Stored data

★ ★ ★

lemma gnp_expect_subset_indicator:
  assumes S: "S \<subseteq> all_edges N"
  shows "gnp_expect N p (\<lambda>E. if S \<subseteq> E then 1 else 0) = p ^ card S"
proof -
  let ?U = "all_edges N"
  let ?V = "?U - S"
  let ?w = "\<lambda>E. p ^ card E * (1 - p) ^ (card ?U - card E)"
  have fU: "finite ?U" by (rule finite_all_edges)
  have fS: "finite S" using S fU finite_subset by blast
  have fV: "finite ?V" using fU by simp
  have "gnp_expect N p (\<lambda>E. if S \<subseteq> E then 1 else 0) = (\<Sum>E\<in>Pow ?U. if S \<subseteq> E then ?w E else 0)"
    unfolding gnp_expect_def by (intro sum.cong) auto
  also have "\<dots> = (\<Sum>E\<in>{E\<in>Pow ?U. S \<subseteq> E}. ?w E)"
    by (rule sum.inter_filter[symmetric]) (simp add: fU)
  also have "{E\<in>Pow ?U. S \<subseteq> E} = (\<lambda>F. F \<union> S) ` Pow ?V"
    by (rule Pow_supersets_eq_image[OF S])
  also have "(\<Sum>E\<in>(\<lambda>F. F \<union> S) ` Pow ?V. ?w E) = (\<Sum>F\<in>Pow ?V. ?w (F \<union> S))"
    by (subst sum.reindex) (auto simp: inj_on_def)
  also have "\<dots> = (\<Sum>F\<in>Pow ?V. p ^ card S * (p ^ card F * (1 - p) ^ (card ?V - card F)))"
  proof (rule sum.cong)
    fix F assume F: "F \<in> Pow ?V"
    have fF: "finite F" using F fV finite_subset by auto
    have card_FS: "card (F \<union> S) = card F + card S"
      using F fF fS by (subst card_Un_disjoint) auto
    have "card ?V = card ?U - card S" using S fS by (simp add: card_Diff_subset)
    moreover have "card F \<le> card ?V" "card S \<le> card ?U"
      using F fV S fU by (simp_all add: card_mono)
    ultimately have "card ?U - card (F \<union> S) = card ?V - card F" using card_FS by simp
    then show "?w (F \<union> S) = p ^ card S * (p ^ card F * (1 - p) ^ (card ?V - card F))"
      using card_FS by (simp add: power_add)
  qed simp
  also have "\<dots> = p ^ card S"
    by (simp add: sum_distrib_left[symmetric] sum_Pow_power_card[OF fV])
  finally show ?thesis .
qed

lemma gnp_expect_add: "gnp_expect N p (\<lambda>E. f E + g E) = gnp_expect N p f + gnp_expect N p g"
  unfolding gnp_expect_def by (simp add: algebra_simps sum.distrib)

lemma gnp_expect_cmult: "gnp_expect N p (\<lambda>E. c * f E) = c * gnp_expect N p f"
  unfolding gnp_expect_def by (simp add: sum_distrib_left algebra_simps)

lemma gnp_expect_diff: "gnp_expect N p (\<lambda>E. f E - g E) = gnp_expect N p f - gnp_expect N p g"
  unfolding gnp_expect_def by (simp add: algebra_simps sum_subtractf)

lemma gnp_expect_sum:
  "finite I \<Longrightarrow> gnp_expect N p (\<lambda>E. \<Sum>i\<in>I. f i E) = (\<Sum>i\<in>I. gnp_expect N p (f i))"
  unfolding gnp_expect_def by (simp add: sum_distrib_left sum.swap[of _ I])

lemma gnp_expect_const: "gnp_expect N p (\<lambda>E. c) = c"
  using gnp_expect_subset_indicator[of "{}" N p] gnp_expect_cmult[of N p c "\<lambda>E. 1"] by simp

lemma gnp_expect_mono:
  assumes "0 \<le> p" "p \<le> 1" "\<And>E. E \<subseteq> all_edges N \<Longrightarrow> f E \<le> g E"
  shows "gnp_expect N p f \<le> gnp_expect N p g"
  unfolding gnp_expect_def using assms by (intro sum_mono mult_left_mono) auto

lemma gnp_prob_mono:
  assumes "0 \<le> p" "p \<le> 1" "\<And>E. E \<subseteq> all_edges N \<Longrightarrow> P E \<Longrightarrow> Q E"
  shows "gnp_prob N p P \<le> gnp_prob N p Q"
  unfolding gnp_prob_eq_expect using assms by (intro gnp_expect_mono) auto

lemma gnp_prob_le_1:
  assumes "0 \<le> p" "p \<le> 1"
  shows "gnp_prob N p P \<le> 1"
  using gnp_prob_mono[OF assms, of N P "\<lambda>E. True"]
  by (simp add: gnp_prob_eq_expect gnp_expect_const)

lemma gnp_prob_compl: "gnp_prob N p (\<lambda>E. \<not> P E) = 1 - gnp_prob N p P"
proof -
  have "gnp_prob N p P + gnp_prob N p (\<lambda>E. \<not> P E) = gnp_expect N p (\<lambda>E. 1)"
    unfolding gnp_prob_eq_expect gnp_expect_add[symmetric]
    by (rule arg_cong[where f="gnp_expect N p"]) auto
  then show ?thesis by (simp add: gnp_expect_const)
qed

lemma gnp_prob_disj_le:
  assumes "0 \<le> p" "p \<le> 1"
  shows "gnp_prob N p (\<lambda>E. P E \<or> Q E) \<le> gnp_prob N p P + gnp_prob N p Q"
  unfolding gnp_prob_eq_expect gnp_expect_add[symmetric] using assms by (intro gnp_expect_mono) auto

lemma gnp_markov_inequality:
  assumes "0 \<le> p" "p \<le> 1" "t > 0" "\<And>E. E \<subseteq> all_edges N \<Longrightarrow> f E \<ge> 0"
  shows "gnp_prob N p (\<lambda>E. t \<le> f E) \<le> gnp_expect N p f / t"
proof -
  have "gnp_prob N p (\<lambda>E. t \<le> f E) \<le> gnp_expect N p (\<lambda>E. (1 / t) * f E)"
    unfolding gnp_prob_eq_expect using assms by (intro gnp_expect_mono) (auto simp: field_simps)
  then show ?thesis using gnp_expect_cmult[of N p "1 / t" f] by simp
qed

lemma gnp_chebyshev_inequality:
  assumes "0 \<le> p" "p \<le> 1" "t > 0"
  shows "gnp_prob N p (\<lambda>E. t \<le> \<bar>f E - \<mu>\<bar>) \<le> gnp_expect N p (\<lambda>E. (f E - \<mu>)\<^sup>2) / t\<^sup>2"
proof -
  have "gnp_prob N p (\<lambda>E. t \<le> \<bar>f E - \<mu>\<bar>) \<le> gnp_prob N p (\<lambda>E. t\<^sup>2 \<le> (f E - \<mu>)\<^sup>2)"
  proof (rule gnp_prob_mono)
    fix E assume "t \<le> \<bar>f E - \<mu>\<bar>"
    then have "t\<^sup>2 \<le> \<bar>f E - \<mu>\<bar>\<^sup>2" using assms by (intro power_mono) auto
    then show "t\<^sup>2 \<le> (f E - \<mu>)\<^sup>2" by simp
  qed (use assms in auto)
  also have "\<dots> \<le> gnp_expect N p (\<lambda>E. (f E - \<mu>)\<^sup>2) / t\<^sup>2"
    using assms by (intro gnp_markov_inequality) auto
  finally show ?thesis .
qed

section \<open>Second moments of subgraph counts\<close>

lemma real_card_filter_eq_sum_indicator:
  "finite I \<Longrightarrow> real (card {i\<in>I. P i}) = (\<Sum>i\<in>I. if P i then 1 else 0)"
  by (simp add: sum.If_cases Int_def)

★ ★ ★

## THE TASK
Stop at the line containing "using F fV S". Please print exactly every line before it from the start of the records, plus that line itself, and nothing else.

## SOLUTION TO THE EXERCISE
lemma gnp_expect_subset_indicator:
  assumes S: "S \<subseteq> all_edges N"
  shows "gnp_expect N p (\<lambda>E. if S \<subseteq> E then 1 else 0) = p ^ card S"
proof -
  let ?U = "all_edges N"
  let ?V = "?U - S"
  let ?w = "\<lambda>E. p ^ card E * (1 - p) ^ (card ?U - card E)"
  have fU: "finite ?U" by (rule finite_all_edges)
  have fS: "finite S" using S fU finite_subset by blast
  have fV: "finite ?V" using fU by simp
  have "gnp_expect N p (\<lambda>E. if S \<subseteq> E then 1 else 0) = (\<Sum>E\<in>Pow ?U. if S \<subseteq> E then ?w E else 0)"
    unfolding gnp_expect_def by (intro sum.cong) auto
  also have "\<dots> = (\<Sum>E\<in>{E\<in>Pow ?U. S \<subseteq> E}. ?w E)"
    by (rule sum.inter_filter[symmetric]) (simp add: fU)
  also have "{E\<in>Pow ?U. S \<subseteq> E} = (\<lambda>F. F \<union> S) ` Pow ?V"
    by (rule Pow_supersets_eq_image[OF S])
  also have "(\<Sum>E\<in>(\<lambda>F. F \<union> S) ` Pow ?V. ?w E) = (\<Sum>F\<in>Pow ?V. ?w (F \<union> S))"
    by (subst sum.reindex) (auto simp: inj_on_def)
  also have "\<dots> = (\<Sum>F\<in>Pow ?V. p ^ card S * (p ^ card F * (1 - p) ^ (card ?V - card F)))"
  proof (rule sum.cong)
    fix F assume F: "F \<in> Pow ?V"
    have fF: "finite F" using F fV finite_subset by auto
    have card_FS: "card (F \<union> S) = card F + card S"
      using F fF fS by (subst card_Un_disjoint) auto
    have "card ?V = card ?U - card S" using S fS by (simp add: card_Diff_subset)
    moreover have "card F \<le> card ?V" "card S \<le> card ?U"
      using F fV S fU by (simp_all add: card_mono)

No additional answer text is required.